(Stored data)

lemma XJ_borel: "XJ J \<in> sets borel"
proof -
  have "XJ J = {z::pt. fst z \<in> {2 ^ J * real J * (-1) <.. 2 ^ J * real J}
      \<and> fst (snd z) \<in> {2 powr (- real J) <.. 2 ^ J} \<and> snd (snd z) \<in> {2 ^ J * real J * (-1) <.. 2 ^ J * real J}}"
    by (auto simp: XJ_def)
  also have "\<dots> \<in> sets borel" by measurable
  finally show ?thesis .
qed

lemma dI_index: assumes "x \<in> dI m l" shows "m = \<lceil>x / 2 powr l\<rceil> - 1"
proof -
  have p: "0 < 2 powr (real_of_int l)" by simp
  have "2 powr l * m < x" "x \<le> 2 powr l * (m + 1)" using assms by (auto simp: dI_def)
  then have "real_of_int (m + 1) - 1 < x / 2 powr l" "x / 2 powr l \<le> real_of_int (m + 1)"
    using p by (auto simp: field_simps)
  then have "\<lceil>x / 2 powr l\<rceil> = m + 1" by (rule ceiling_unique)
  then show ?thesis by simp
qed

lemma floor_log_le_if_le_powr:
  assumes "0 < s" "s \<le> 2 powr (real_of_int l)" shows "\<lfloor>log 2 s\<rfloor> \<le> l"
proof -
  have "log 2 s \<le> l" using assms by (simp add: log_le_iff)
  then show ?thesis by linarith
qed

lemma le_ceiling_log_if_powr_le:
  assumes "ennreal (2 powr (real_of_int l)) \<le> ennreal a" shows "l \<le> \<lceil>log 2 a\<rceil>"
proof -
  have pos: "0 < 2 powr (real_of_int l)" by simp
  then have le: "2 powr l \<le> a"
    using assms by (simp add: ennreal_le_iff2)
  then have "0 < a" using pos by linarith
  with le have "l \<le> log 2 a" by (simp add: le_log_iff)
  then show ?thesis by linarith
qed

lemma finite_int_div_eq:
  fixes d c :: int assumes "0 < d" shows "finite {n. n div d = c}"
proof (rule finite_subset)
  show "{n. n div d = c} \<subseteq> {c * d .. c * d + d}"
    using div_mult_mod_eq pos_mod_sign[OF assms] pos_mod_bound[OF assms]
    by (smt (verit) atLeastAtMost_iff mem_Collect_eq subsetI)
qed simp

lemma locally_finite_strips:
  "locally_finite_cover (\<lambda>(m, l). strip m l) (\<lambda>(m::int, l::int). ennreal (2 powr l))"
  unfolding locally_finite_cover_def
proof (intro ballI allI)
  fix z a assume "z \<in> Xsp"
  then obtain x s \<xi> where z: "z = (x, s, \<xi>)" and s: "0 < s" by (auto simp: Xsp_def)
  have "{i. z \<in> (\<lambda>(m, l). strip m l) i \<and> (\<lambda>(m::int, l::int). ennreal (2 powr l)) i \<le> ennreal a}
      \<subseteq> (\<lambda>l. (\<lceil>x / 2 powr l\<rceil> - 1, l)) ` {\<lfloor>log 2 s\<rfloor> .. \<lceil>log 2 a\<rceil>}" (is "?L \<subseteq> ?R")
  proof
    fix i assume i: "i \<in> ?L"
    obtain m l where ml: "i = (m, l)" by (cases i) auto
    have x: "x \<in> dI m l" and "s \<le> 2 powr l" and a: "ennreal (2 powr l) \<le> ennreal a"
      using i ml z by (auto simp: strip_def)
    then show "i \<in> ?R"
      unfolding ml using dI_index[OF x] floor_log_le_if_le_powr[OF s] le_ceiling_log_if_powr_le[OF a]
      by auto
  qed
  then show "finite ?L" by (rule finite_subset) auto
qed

- _Requirement_: In the entries above, restate word for word the lines between the one holding "l) i \<and>" and the one holding "obtain m l where", inclusive, and nothing besides.

- _Expected answer_:
  have "{i. z \<in> (\<lambda>(m, l). strip m l) i \<and> (\<lambda>(m::int, l::int). ennreal (2 powr l)) i \<le> ennreal a}
      \<subseteq> (\<lambda>l. (\<lceil>x / 2 powr l\<rceil> - 1, l)) ` {\<lfloor>log 2 s\<rfloor> .. \<lceil>log 2 a\<rceil>}" (is "?L \<subseteq> ?R")
  proof
    fix i assume i: "i \<in> ?L"
    obtain m l where ml: "i = (m, l)" by (cases i) auto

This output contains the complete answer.